**Required action**
Please copy out the lines in the entries that contain "nonempty".

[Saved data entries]
(* Reduction Rule 2 is safe: if \((G',k')\) is obtained from an instance \((G,k)\) of Vertex Cover by applying Reduction Rule 2, then \(k'+MM(G')-2LP(G')\leq k+MM(G)-2LP(G)\).
   Context: All graphs are finite, undirected and simple. An instance of Vertex Cover is a pair \((G,k)\), \(k\in\mathbb{N}\). \(MM(G)\) is the size of a maximum matching. \(LPVC(G)\) is the LP: minimize \(\sum_v x_v\) subject to \(x_u+x_v\ge1\) for each edge \(\{u,v\}\) and \(0\le x_v\le1\); \(LP(G)\) is its optimum value. For \(X\subseteq V(G)\), \(N(X)\) is the set of vertices outside \(X\) adjacent to some vertex of \(X\); for an independent set \(Z\), \(\mathrm{surplus}(Z)=|N(Z)|-|Z|\). Reduction Rule 2 applies to \((G,k)\) when (i) the all-\(\frac12\) assignment is the unique optimum solution of \(LPVC(G)\), and (ii) there is an independent set \(Z\subseteq V(G)\) with \(\mathrm{surplus}(Z)=1\) such that \(N(Z)\) is not an independent set in \(G\); it then outputs \(G'=G[V(G)\setminus(Z\cup N(Z))]\) and \(k'=k-|N(Z)|\). *)

theory Defs
  imports Complex_Main
begin

definition graph :: "'a set \<Rightarrow> 'a set set \<Rightarrow> bool" where
  "graph V E \<longleftrightarrow> finite V \<and> (\<forall>e\<in>E. e \<subseteq> V \<and> card e = 2)"

definition matching :: "'a set set \<Rightarrow> 'a set set \<Rightarrow> bool" where
  "matching E M \<longleftrightarrow> M \<subseteq> E \<and> (\<forall>e1\<in>M. \<forall>e2\<in>M. e1 \<noteq> e2 \<longrightarrow> e1 \<inter> e2 = {})"

definition MM :: "'a set \<Rightarrow> 'a set set \<Rightarrow> nat" where
  "MM V E = Max {card M | M. matching E M}"

definition lp_feasible :: "'a set \<Rightarrow> 'a set set \<Rightarrow> ('a \<Rightarrow> real) \<Rightarrow> bool" where
  "lp_feasible V E x \<longleftrightarrow>
     (\<forall>u v. {u, v} \<in> E \<longrightarrow> x u + x v \<ge> 1) \<and> (\<forall>v\<in>V. 0 \<le> x v \<and> x v \<le> 1)"

definition LP :: "'a set \<Rightarrow> 'a set set \<Rightarrow> real" where
  "LP V E = (INF x \<in> {x. lp_feasible V E x}. sum x V)"

definition lp_optimal :: "'a set \<Rightarrow> 'a set set \<Rightarrow> ('a \<Rightarrow> real) \<Rightarrow> bool" where
  "lp_optimal V E x \<longleftrightarrow> lp_feasible V E x \<and> (\<forall>y. lp_feasible V E y \<longrightarrow> sum x V \<le> sum y V)"

text \<open>The all-1/2 assignment is the unique optimum solution of LPVC(G)
  (solutions are identified by their values on V).\<close>
definition half_unique_opt :: "'a set \<Rightarrow> 'a set set \<Rightarrow> bool" where
  "half_unique_opt V E \<longleftrightarrow> lp_optimal V E (\<lambda>_. 1/2) \<and>
     (\<forall>x. lp_optimal V E x \<longrightarrow> (\<forall>v\<in>V. x v = 1/2))"

definition indep :: "'a set set \<Rightarrow> 'a set \<Rightarrow> bool" where
  "indep E X \<longleftrightarrow> (\<forall>u\<in>X. \<forall>v\<in>X. {u, v} \<notin> E)"

definition nbhd :: "'a set \<Rightarrow> 'a set set \<Rightarrow> 'a set \<Rightarrow> 'a set" where
  "nbhd V E X = {v \<in> V - X. \<exists>u\<in>X. {u, v} \<in> E}"

definition surplus :: "'a set \<Rightarrow> 'a set set \<Rightarrow> 'a set \<Rightarrow> int" where
  "surplus V E Z = int (card (nbhd V E Z)) - int (card Z)"

definition ind_edges :: "'a set set \<Rightarrow> 'a set \<Rightarrow> 'a set set" where
  "ind_edges E S = {e \<in> E. e \<subseteq> S}"

definition rule2 :: "'a set \<Rightarrow> 'a set set \<Rightarrow> int \<Rightarrow> 'a set \<Rightarrow> 'a set \<Rightarrow> 'a set set \<Rightarrow> int \<Rightarrow> bool" where
  "rule2 V E k Z V' E' k' \<longleftrightarrow>
     half_unique_opt V E \<and> Z \<subseteq> V \<and> indep E Z \<and> surplus V E Z = 1 \<and>
     \<not> indep E (nbhd V E Z) \<and>
     V' = V - (Z \<union> nbhd V E Z) \<and> E' = ind_edges E V' \<and>
     k' = k - int (card (nbhd V E Z))"

end

theory Submission
  imports Defs
begin

text \<open>Because the all-\<open>1/2\<close> vector is the unique optimum of LPVC(G), every nonempty
  independent set of G has positive surplus: otherwise the assignment that is 0 on the set,
  1 on its neighbourhood and \<open>1/2\<close> elsewhere would be a second optimum. Hence
  \<open>LP(G) = |V|/2\<close>, and by Hall's theorem Z can be matched into N(Z), so that
  \<open>MM(G) \<ge> MM(G') + |Z|\<close>. An independent set I of G' together with Z is independent in G,
  whence \<open>|I| + |Z| < |N(I \<union> Z)| \<le> |N\<^sub>G\<^sub>'(I)| + |Z| + 1\<close>: independent sets of G' have
  nonnegative surplus. Hall's theorem then sends the vertices of G' injectively, hence
  bijectively, to neighbours, and summing the edge constraints along this permutation gives
  \<open>LP(G') \<ge> |V'|/2\<close>. With \<open>k' = k - |N(Z)|\<close> and \<open>|V| = |V'| + |Z| + |N(Z)|\<close> the
  inequality follows.\<close>

section \<open>Hall's theorem\<close>

definition hall_condition :: "'a set \<Rightarrow> ('a \<Rightarrow> 'b set) \<Rightarrow> bool" where
  "hall_condition A N \<longleftrightarrow> (\<forall>S\<subseteq>A. card S \<le> card (\<Union>(N ` S)))"

lemma hall_condition_subset: "hall_condition A N \<Longrightarrow> B \<subseteq> A \<Longrightarrow> hall_condition B N"
  unfolding hall_condition_def by blast

lemma hall_condition_Diff_critical:
  assumes hall: "hall_condition A N" and "finite A" and fin: "\<forall>a\<in>A. finite (N a)"
    and S: "S \<subseteq> A" and critical: "card (\<Union>(N ` S)) = card S"
  shows "hall_condition (A - S) (\<lambda>a. N a - \<Union>(N ` S))"
  unfolding hall_condition_def
proof (intro allI impI)
  fix T assume T: "T \<subseteq> A - S"
  have TS: "T \<union> S \<subseteq> A" and disj: "T \<inter> S = {}" using T S by auto
  have fin_TS: "finite (T \<union> S)" using TS \<open>finite A\<close> finite_subset by blast
  have fin_U: "finite (\<Union>(N ` (T \<union> S)))" using TS fin fin_TS by auto
  have "card T + card S = card (T \<union> S)"
    using fin_TS disj by (simp add: card_Un_disjoint)
  also have "\<dots> \<le> card (\<Union>(N ` (T \<union> S)))" using hall TS unfolding hall_condition_def by blast
  also have "\<dots> = card (\<Union>(N ` T) - \<Union>(N ` S)) + card (\<Union>(N ` S))"
    using fin_U card_Diff_subset[of "\<Union>(N ` S)" "\<Union>(N ` (T \<union> S))"]
      card_mono[OF fin_U, of "\<Union>(N ` S)"] finite_subset[OF _ fin_U, of "\<Union>(N ` S)"]
    by (auto simp: Un_Diff image_Un)
  finally have "card T \<le> card (\<Union>(N ` T) - \<Union>(N ` S))" using critical by simp
  moreover have "\<Union>((\<lambda>a. N a - \<Union>(N ` S)) ` T) = \<Union>(N ` T) - \<Union>(N ` S)" by auto
  ultimately show "card T \<le> card (\<Union>((\<lambda>a. N a - \<Union>(N ` S)) ` T))" by simp
qed

lemma hall_condition_Diff_singleton:
  assumes hall: "hall_condition A N" and "a \<in> A"
    and slack: "\<And>S. S \<subseteq> A \<Longrightarrow> S \<noteq> {} \<Longrightarrow> S \<noteq> A \<Longrightarrow> card S < card (\<Union>(N ` S))"
  shows "hall_condition (A - {a}) (\<lambda>x. N x - {b})"
  unfolding hall_condition_def
proof (intro allI impI)
  fix T assume T: "T \<subseteq> A - {a}"
  show "card T \<le> card (\<Union>((\<lambda>x. N x - {b}) ` T))"
  proof (cases "T = {}")
    case False
    with T \<open>a \<in> A\<close> have "card T < card (\<Union>(N ` T))" by (intro slack) auto
    moreover have "\<Union>((\<lambda>x. N x - {b}) ` T) = \<Union>(N ` T) - {b}" by auto
    ultimately show ?thesis using card_Diff_singleton_if[of "\<Union>(N ` T)" b]
      by (cases "finite (\<Union>(N ` T))") auto
  qed simp
qed

lemma inj_on_fun_upd_insert:
  assumes "inj_on f A" and "b \<notin> f ` A" and "a \<notin> A"
  shows "inj_on (f(a := b)) (insert a A)"
proof -
  have "inj_on (f(a := b)) A" using assms(1,3) by (auto simp: inj_on_def)
  then show ?thesis using assms(2,3) by (auto simp: inj_on_insert)
qed

lemma inj_on_piecewise:
  assumes "inj_on f S" and "inj_on g T" and "S \<inter> T = {}" and "f ` S \<inter> g ` T = {}"
  shows "inj_on (\<lambda>a. if a \<in> S then f a else g a) (S \<union> T)"
proof -
  let ?h = "\<lambda>a. if a \<in> S then f a else g a"
  have "inj_on ?h S" by (rule inj_on_cong[THEN iffD2, OF _ assms(1)]) simp
  moreover have "inj_on ?h T" using assms(3) by (intro inj_on_cong[THEN iffD2, OF _ assms(2)]) auto
  moreover have "?h ` S \<inter> ?h ` T = {}" using assms(3,4) by auto
  ultimately show ?thesis using assms(3) by (simp add: inj_on_Un Diff_triv Int_commute)
qed

text \<open>Halmos--Vaughan: if some proper nonempty subset S is tight, S and \<open>A - S\<close> (with the
  neighbours of S removed) are matched separately; otherwise every proper subset has slack and
  any first choice \<open>a \<mapsto> b\<close> can be extended.\<close>

theorem Hall_distinct_representatives:
  assumes "finite A" and "\<forall>a\<in>A. finite (N a)" and "hall_condition A N"
  shows "\<exists>f. inj_on f A \<and> (\<forall>a\<in>A. f a \<in> N a)"
  using assms
proof (induction "card A" arbitrary: A N rule: less_induct)
  case less
  show ?case
  proof (cases "\<exists>S. S \<subseteq> A \<and> S \<noteq> {} \<and> S \<noteq> A \<and> card (\<Union>(N ` S)) = card S")
    case True
    then obtain S where S: "S \<subseteq> A" "S \<noteq> {}" "S \<noteq> A" and critical: "card (\<Union>(N ` S)) = card S"
      by blast
    define N' where "N' = (\<lambda>a. N a - \<Union>(N ` S))"
    have "finite S" using S less.prems(1) finite_subset by blast
    moreover have "card S < card A" using S less.prems(1) psubset_card_mono by blast
    moreover have "\<forall>a\<in>S. finite (N a)" "hall_condition S N"
      using less.prems S(1) by (auto intro: hall_condition_subset)
    ultimately obtain f1 where f1: "inj_on f1 S" "\<forall>a\<in>S. f1 a \<in> N a"
      using less.hyps[of S N] by blast
    have "A - S \<subset> A" using S by blast
    then have "card (A - S) < card A" by (rule psubset_card_mono[OF less.prems(1)])
    moreover have "hall_condition (A - S) N'"
      unfolding N'_def using less.prems(3,1,2) S(1) critical by (rule hall_condition_Diff_critical)
    moreover have "finite (A - S)" "\<forall>a\<in>A - S. finite (N' a)"
      using less.prems by (auto simp: N'_def)
    ultimately obtain f2 where f2: "inj_on f2 (A - S)" "\<forall>a\<in>A - S. f2 a \<in> N' a"
      using less.hyps[of "A - S" N'] by blast
    define f where "f a = (if a \<in> S then f1 a else f2 a)" for a
    have "inj_on f (S \<union> (A - S))"
      unfolding f_def using f1 f2 by (intro inj_on_piecewise) (auto simp: N'_def)
    moreover have "S \<union> (A - S) = A" using S(1) by blast
    moreover have "\<forall>a\<in>A. f a \<in> N a" using f1 f2 by (auto simp: f_def N'_def)
    ultimately show ?thesis by metis
  next
    case no_critical: False
    show ?thesis
    proof (cases "A = {}")
      case False
      then obtain a where a: "a \<in> A" by blast
      then have "card {a} \<le> card (N a)" using less.prems(3) unfolding hall_condition_def by force
      then obtain b where b: "b \<in> N a" by fastforce
      have "card (A - {a}) < card A" using less.prems(1) a by (rule card_Diff1_less)
      moreover have "hall_condition (A - {a}) (\<lambda>x. N x - {b})"
        using less.prems(3) a
      proof (rule hall_condition_Diff_singleton)
        fix S assume "S \<subseteq> A" "S \<noteq> {}" "S \<noteq> A"
        then show "card S < card (\<Union>(N ` S))"
          using no_critical less.prems(3) unfolding hall_condition_def by (metis order_le_neq_trans)
      qed
      moreover have "finite (A - {a})" "\<forall>x\<in>A - {a}. finite (N x - {b})"
        using less.prems by auto
      ultimately obtain f where f: "inj_on f (A - {a})" "\<forall>x\<in>A - {a}. f x \<in> N x - {b}"
        using less.hyps[of "A - {a}" "\<lambda>x. N x - {b}"] by blast
      have "inj_on (f(a := b)) (insert a (A - {a}))" using f by (intro inj_on_fun_upd_insert) auto
      then have "inj_on (f(a := b)) A" using a by (simp add: insert_absorb)
      moreover have "\<forall>x\<in>A. (f(a := b)) x \<in> N x" using f b by auto
      ultimately show ?thesis by blast
    qed simp
  qed
qed

section \<open>Matchings, fractional covers and surplus\<close>

lemma finite_edges: "graph V E \<Longrightarrow> finite E"
  unfolding graph_def by (meson PowI finite_Pow_iff finite_subset subsetI)

lemma finite_matching_cards: "finite E \<Longrightarrow> finite {card M | M. matching E M}"
proof -
  assume "finite E"
  moreover have "{M. matching E M} \<subseteq> Pow E" by (auto simp: matching_def)
  ultimately have "finite {M. matching E M}" by (meson finite_Pow_iff finite_subset)
  moreover have "{card M | M. matching E M} = card ` {M. matching E M}" by auto
  ultimately show ?thesis by simp
qed

lemma card_le_MM: "finite E \<Longrightarrow> matching E M \<Longrightarrow> card M \<le> MM V E"
  unfolding MM_def by (rule Max_ge) (auto intro: finite_matching_cards)

lemma MM_attained: "finite E \<Longrightarrow> \<exists>M. matching E M \<and> card M = MM V E"
proof -
  assume "finite E"
  moreover have "matching E {}" by (simp add: matching_def)
  ultimately have "MM V E \<in> {card M | M. matching E M}"
    unfolding MM_def by (intro Max_in finite_matching_cards) auto
  then show ?thesis by auto
qed
lemma trace_kernel_pow_similar:
  assumes "finite S"
    and VW: "\<And>x y. x \<in> S \<Longrightarrow> y \<in> S \<Longrightarrow> kmult S V W x y = of_bool (x = y)"
    and WV: "\<And>x y. x \<in> S \<Longrightarrow> y \<in> S \<Longrightarrow> kmult S W V x y = of_bool (x = y)"
    and PV: "\<And>x y. x \<in> S \<Longrightarrow> y \<in> S \<Longrightarrow> kmult S P V x y = kmult S V U x y"
  shows "(\<Sum>x\<in>S. kernel_pow S P t x x) = (\<Sum>x\<in>S. kernel_pow S U t x x)"
proof -
  let ?KP = "kernel_pow S P t" and ?KU = "kernel_pow S U t"
  have "?KP x x = kmult S (kmult S V ?KU) W x x" if "x \<in> S" for x
  proof -
    have "kmult S ?KP (kmult S V W) x x = ?KP x x"
      by (rule kmult_id_right[OF that _ \<open>finite S\<close>]) (simp add: VW that)
    then have "?KP x x = kmult S (kmult S ?KP V) W x x"
      by (simp only: kmult_assoc)
    also have "\<dots> = kmult S (kmult S V ?KU) W x x"
      by (rule kmult_cong_left) (rule kernel_pow_intertwine[OF \<open>finite S\<close> PV that])
    finally show ?thesis .
  qed
  then have "(\<Sum>x\<in>S. ?KP x x) = (\<Sum>x\<in>S. kmult S (kmult S V ?KU) W x x)"
    by simp
  also have "\<dots> = (\<Sum>x\<in>S. kmult S (kmult S W V) ?KU x x)"
    by (subst trace_kmult_commute) (simp only: kmult_assoc)
  also have "\<dots> = (\<Sum>x\<in>S. ?KU x x)"
    by (rule sum.cong[OF refl], rule kmult_id_left[OF _ _ \<open>finite S\<close>]) (auto simp: WV)
  finally show ?thesis .
qed

lemma kernel_pow_upper_triangular:
  fixes U :: "'a::linorder \<Rightarrow> 'a \<Rightarrow> real"
  assumes upper: "\<And>i j. i \<in> S \<Longrightarrow> j \<in> S \<Longrightarrow> j < i \<Longrightarrow> U i j = 0" and "i \<in> S" "j \<in> S" "j < i"
  shows "kernel_pow S U t i j = 0"
  using \<open>j \<in> S\<close> \<open>j < i\<close>
proof (induction t arbitrary: j)
  case (Suc t)
  have "kernel_pow S U t i r * U r j = 0" if "r \<in> S" for r
    using Suc upper[OF that] \<open>i \<in> S\<close> that by (cases "r < i") auto
  then show ?case by (simp add: sum.neutral)
qed simp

**Exercise solution**
text \<open>Because the all-\<open>1/2\<close> vector is the unique optimum of LPVC(G), every nonempty
text \<open>Halmos--Vaughan: if some proper nonempty subset S is tight, S and \<open>A - S\<close> (with the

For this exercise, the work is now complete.